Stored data
(* Let $f$ be an $n$-variable Boolean function. Then ${LDA}(f)=\min_{1\le k\le n}\mu_k(f+1)$. Furthermore, if $k\ge{LDA}(f)$, then $\mu_k(f+1)={LDA}(f)$.
   Context: An $n$-variable Boolean function is a map $\mathbb{F}_2^n\to\mathbb{F}_2$, with algebraic degree $\deg$ the degree of its algebraic normal form. ${LDA}(h)$ is the minimum algebraic degree of a nonzero $g$ with $h\cdot g=0$. For $1\le k\le n$, ${MUL}_k(h)=\{h\cdot g: g \text{ an } n\text{-variable Boolean function with } \deg(g)\le k\}$ and $\mu_k(h)$ is the minimum algebraic degree of the nonzero elements of ${MUL}_k(h)$. *)

theory Defs
  imports Main "HOL-Library.Extended_Nat"
begin

text \<open>A point x of F_2^n is identified
with its support {i < n. x_i = 1}, a subset of {0..<n}; the value 1 of F_2 is True.
Functions are required to be False outside the points of F_2^n (extensionality), so
that n-variable Boolean functions correspond bijectively to elements of bfun n.\<close>

definition bfun :: "nat \<Rightarrow> (nat set \<Rightarrow> bool) set" where
  "bfun n = {f. \<forall>S. \<not> S \<subseteq> {0..<n} \<longrightarrow> \<not> f S}"

definition bzero :: "nat set \<Rightarrow> bool" where
  "bzero = (\<lambda>_. False)"

definition bmult :: "(nat set \<Rightarrow> bool) \<Rightarrow> (nat set \<Rightarrow> bool) \<Rightarrow> nat set \<Rightarrow> bool" where
  "bmult h g = (\<lambda>x. h x \<and> g x)"

text \<open>f + 1 (addition of the constant 1 in F_2), as n-variable function.\<close>
definition bplus1 :: "nat \<Rightarrow> (nat set \<Rightarrow> bool) \<Rightarrow> nat set \<Rightarrow> bool" where
  "bplus1 n f = (\<lambda>x. x \<subseteq> {0..<n} \<and> \<not> f x)"

text \<open>Coefficient of the monomial prod_{i in S} x_i in the algebraic normal form
(Moebius transform): a_S = sum_{T subseteq S} f(T) mod 2.\<close>
definition anf_coeff :: "(nat set \<Rightarrow> bool) \<Rightarrow> nat set \<Rightarrow> bool" where
  "anf_coeff f S = odd (card {T. T \<subseteq> S \<and> f T})"

definition alg_deg :: "nat \<Rightarrow> (nat set \<Rightarrow> bool) \<Rightarrow> nat" where
  "alg_deg n f = Max ({card S | S. S \<subseteq> {0..<n} \<and> anf_coeff f S} \<union> {0})"

definition LDA :: "nat \<Rightarrow> (nat set \<Rightarrow> bool) \<Rightarrow> enat" where
  "LDA n h = (INF g \<in> {g \<in> bfun n. g \<noteq> bzero \<and> bmult h g = bzero}. enat (alg_deg n g))"

definition MUL :: "nat \<Rightarrow> nat \<Rightarrow> (nat set \<Rightarrow> bool) \<Rightarrow> (nat set \<Rightarrow> bool) set" where
  "MUL n k h = {bmult h g | g. g \<in> bfun n \<and> alg_deg n g \<le> k}"

definition mu :: "nat \<Rightarrow> nat \<Rightarrow> (nat set \<Rightarrow> bool) \<Rightarrow> enat" where
  "mu n k h = (INF p \<in> MUL n k h - {bzero}. enat (alg_deg n p))"

end

theory Submission
  imports Defs
begin

text \<open>Since f (f + 1) = 0, every nonzero multiple of f + 1 annihilates f, so
LDA(f) \<le> \<mu>_k(f + 1) for every k. Conversely, an annihilator g of f satisfies
(f + 1) g = g, so a minimum-degree annihilator of f lies in MUL_k(f + 1) as soon as
k is at least its degree; since degrees never exceed n, this applies to k = n.\<close>

lemma alg_deg_le_nvars: "alg_deg n g \<le> n"
proof -
  have "card S \<le> n" if "S \<subseteq> {0..<n}" for S
    using card_mono[OF _ that] by simp
  moreover have "finite ({card S | S. S \<subseteq> {0..<n} \<and> anf_coeff g S} \<union> {0})"
    by (rule finite_subset[of _ "{0..n}"]) (auto simp: calculation)
  ultimately show ?thesis
    unfolding alg_deg_def by (subst Max_le_iff) auto
qed

lemma INF_enat_attained:
  fixes h :: "'a \<Rightarrow> nat"
  assumes "(INF x\<in>A. enat (h x)) \<noteq> \<infinity>"
  obtains x where "x \<in> A" "(INF x\<in>A. enat (h x)) = enat (h x)"
proof -
  have "A \<noteq> {}"
    using assms by (auto simp: top_enat_def)
  then have "(INF x\<in>A. enat (h x)) \<in> (\<lambda>x. enat (h x)) ` A"
    by (auto intro: wellorder_InfI)
  then show ?thesis
    using that by blast
qed

lemma LDA_attained:
  assumes "LDA n f \<noteq> \<infinity>"
  obtains g where "g \<in> bfun n" "g \<noteq> bzero" "bmult f g = bzero"
    and "LDA n f = enat (alg_deg n g)"
  using INF_enat_attained[of "alg_deg n"] assms that unfolding LDA_def by blast

lemma bmult_bplus1_in_bfun: "bmult (bplus1 n f) g \<in> bfun n"
  by (auto simp: bfun_def bmult_def bplus1_def)

lemma bmult_bplus1_annihilates: "bmult f (bmult (bplus1 n f) g) = bzero"
  by (auto simp: bmult_def bplus1_def bzero_def)

lemma bmult_bplus1_annihilator:
  assumes "g \<in> bfun n" and "bmult f g = bzero"
  shows "bmult (bplus1 n f) g = g"
proof
  fix x
  have "\<not> (f x \<and> g x)"
    using fun_cong[OF assms(2), of x] by (simp add: bmult_def bzero_def)
  then show "bmult (bplus1 n f) g x = g x"
    using assms(1) by (auto simp: bfun_def bmult_def bplus1_def)
qed

lemma LDA_le_mu: "LDA n f \<le> mu n k (bplus1 n f)"
  unfolding mu_def
proof (rule INF_greatest)
  fix p
  assume "p \<in> MUL n k (bplus1 n f) - {bzero}"
  then have "p \<in> {g \<in> bfun n. g \<noteq> bzero \<and> bmult f g = bzero}"
    unfolding MUL_def using bmult_bplus1_in_bfun bmult_bplus1_annihilates by auto
  then show "LDA n f \<le> enat (alg_deg n p)"
    unfolding LDA_def by (rule INF_lower)
qed

lemma mu_le_annihilator_deg:
  assumes "g \<in> bfun n" "g \<noteq> bzero" "bmult f g = bzero" "alg_deg n g \<le> k"
  shows "mu n k (bplus1 n f) \<le> enat (alg_deg n g)"
proof -
  have "g \<in> MUL n k (bplus1 n f) - {bzero}"
    unfolding MUL_def using assms bmult_bplus1_annihilator[OF assms(1,3)] by auto
  then show ?thesis
    unfolding mu_def by (rule INF_lower)
qed

lemma mu_eq_LDA:
  assumes "LDA n f \<le> enat k"
  shows "mu n k (bplus1 n f) = LDA n f"
proof (rule antisym)
  have "LDA n f \<noteq> \<infinity>"
    using assms by (cases "LDA n f") auto
  then obtain g where g: "g \<in> bfun n" "g \<noteq> bzero" "bmult f g = bzero"
    and deg: "LDA n f = enat (alg_deg n g)"
    by (rule LDA_attained)
  have "alg_deg n g \<le> k"
    using assms deg by simp
  then show "mu n k (bplus1 n f) \<le> LDA n f"
    using mu_le_annihilator_deg[OF g] deg by simp
qed (rule LDA_le_mu)

lemma mu_nvars_eq_LDA: "mu n n (bplus1 n f) = LDA n f"
proof (cases "LDA n f = \<infinity>")
  case True
  then show ?thesis
    using LDA_le_mu[of n f n] by simp
next
  case False
  then obtain g where "LDA n f = enat (alg_deg n g)"
    by (rule LDA_attained)
  then have "LDA n f \<le> enat n"
    using alg_deg_le_nvars[of n g] by simp
  then show ?thesis
    by (rule mu_eq_LDA)
qed

theorem proposition9:
  fixes n :: nat and f :: "nat set \<Rightarrow> bool"
  assumes "1 \<le> n" and "f \<in> bfun n"
  shows "LDA n f = (INF k \<in> {1..n}. mu n k (bplus1 n f))
     \<and> (\<forall>k. 1 \<le> k \<and> k \<le> n \<and> LDA n f \<le> enat k \<longrightarrow> mu n k (bplus1 n f) = LDA n f)"
proof
  show "LDA n f = (INF k \<in> {1..n}. mu n k (bplus1 n f))"
  proof (rule antisym)
    show "LDA n f \<le> (INF k \<in> {1..n}. mu n k (bplus1 n f))"
      by (rule INF_greatest) (rule LDA_le_mu)
    have "(INF k \<in> {1..n}. mu n k (bplus1 n f)) \<le> mu n n (bplus1 n f)"
      using assms(1) by (intro INF_lower) simp
    then show "(INF k \<in> {1..n}. mu n k (bplus1 n f)) \<le> LDA n f"
      by (simp add: mu_nvars_eq_LDA)
  qed
  show "\<forall>k. 1 \<le> k \<and> k \<le> n \<and> LDA n f \<le> enat k \<longrightarrow> mu n k (bplus1 n f) = LDA n f"
    using mu_eq_LDA by blast
qed

end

TASK DETAILS
Return, in full, every line of these entries that holds "shows".

RESULT OF THE TASK
  shows "bmult (bplus1 n f) g = g"
  shows "mu n k (bplus1 n f) \<le> enat (alg_deg n g)"
  shows "mu n k (bplus1 n f) = LDA n f"
  shows "LDA n f = (INF k \<in> {1..n}. mu n k (bplus1 n f))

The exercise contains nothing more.